▶ _EXERCISE INSTRUCTIONS_
Wherever a line below holds the word "spaces", copy that line.

▶ _STORED DATA_
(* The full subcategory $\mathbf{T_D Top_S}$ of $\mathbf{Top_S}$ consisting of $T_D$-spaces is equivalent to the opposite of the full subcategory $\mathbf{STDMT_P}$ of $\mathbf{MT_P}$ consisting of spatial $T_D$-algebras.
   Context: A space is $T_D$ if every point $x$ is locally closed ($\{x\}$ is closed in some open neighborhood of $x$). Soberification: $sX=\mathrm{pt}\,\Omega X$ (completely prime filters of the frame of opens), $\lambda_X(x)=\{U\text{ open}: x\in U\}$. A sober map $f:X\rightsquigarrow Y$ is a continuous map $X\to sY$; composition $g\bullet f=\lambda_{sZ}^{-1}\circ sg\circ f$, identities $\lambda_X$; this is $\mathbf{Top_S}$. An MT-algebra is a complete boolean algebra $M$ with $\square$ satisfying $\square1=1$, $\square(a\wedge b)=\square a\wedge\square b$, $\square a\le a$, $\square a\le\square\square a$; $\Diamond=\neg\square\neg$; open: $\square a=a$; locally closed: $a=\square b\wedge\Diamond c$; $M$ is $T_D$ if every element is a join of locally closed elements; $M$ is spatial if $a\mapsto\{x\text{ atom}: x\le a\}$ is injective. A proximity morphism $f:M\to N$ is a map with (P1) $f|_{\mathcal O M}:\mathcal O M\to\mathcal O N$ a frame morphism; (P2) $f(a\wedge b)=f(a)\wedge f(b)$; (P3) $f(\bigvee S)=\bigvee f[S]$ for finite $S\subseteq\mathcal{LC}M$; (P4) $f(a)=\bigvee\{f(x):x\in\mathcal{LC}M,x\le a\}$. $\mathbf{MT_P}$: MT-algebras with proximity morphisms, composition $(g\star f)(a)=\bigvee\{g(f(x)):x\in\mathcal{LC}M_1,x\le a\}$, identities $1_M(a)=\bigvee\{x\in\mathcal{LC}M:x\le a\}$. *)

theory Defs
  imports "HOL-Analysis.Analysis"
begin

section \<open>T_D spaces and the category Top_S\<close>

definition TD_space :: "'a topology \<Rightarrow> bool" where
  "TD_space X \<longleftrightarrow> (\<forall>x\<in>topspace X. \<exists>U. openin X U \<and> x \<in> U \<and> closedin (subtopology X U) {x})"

▶ _SOLUTION TO THIS EXERCISE_
(* The full subcategory $\mathbf{T_D Top_S}$ of $\mathbf{Top_S}$ consisting of $T_D$-spaces is equivalent to the opposite of the full subcategory $\mathbf{STDMT_P}$ of $\mathbf{MT_P}$ consisting of spatial $T_D$-algebras.
section \<open>T_D spaces and the category Top_S\<close>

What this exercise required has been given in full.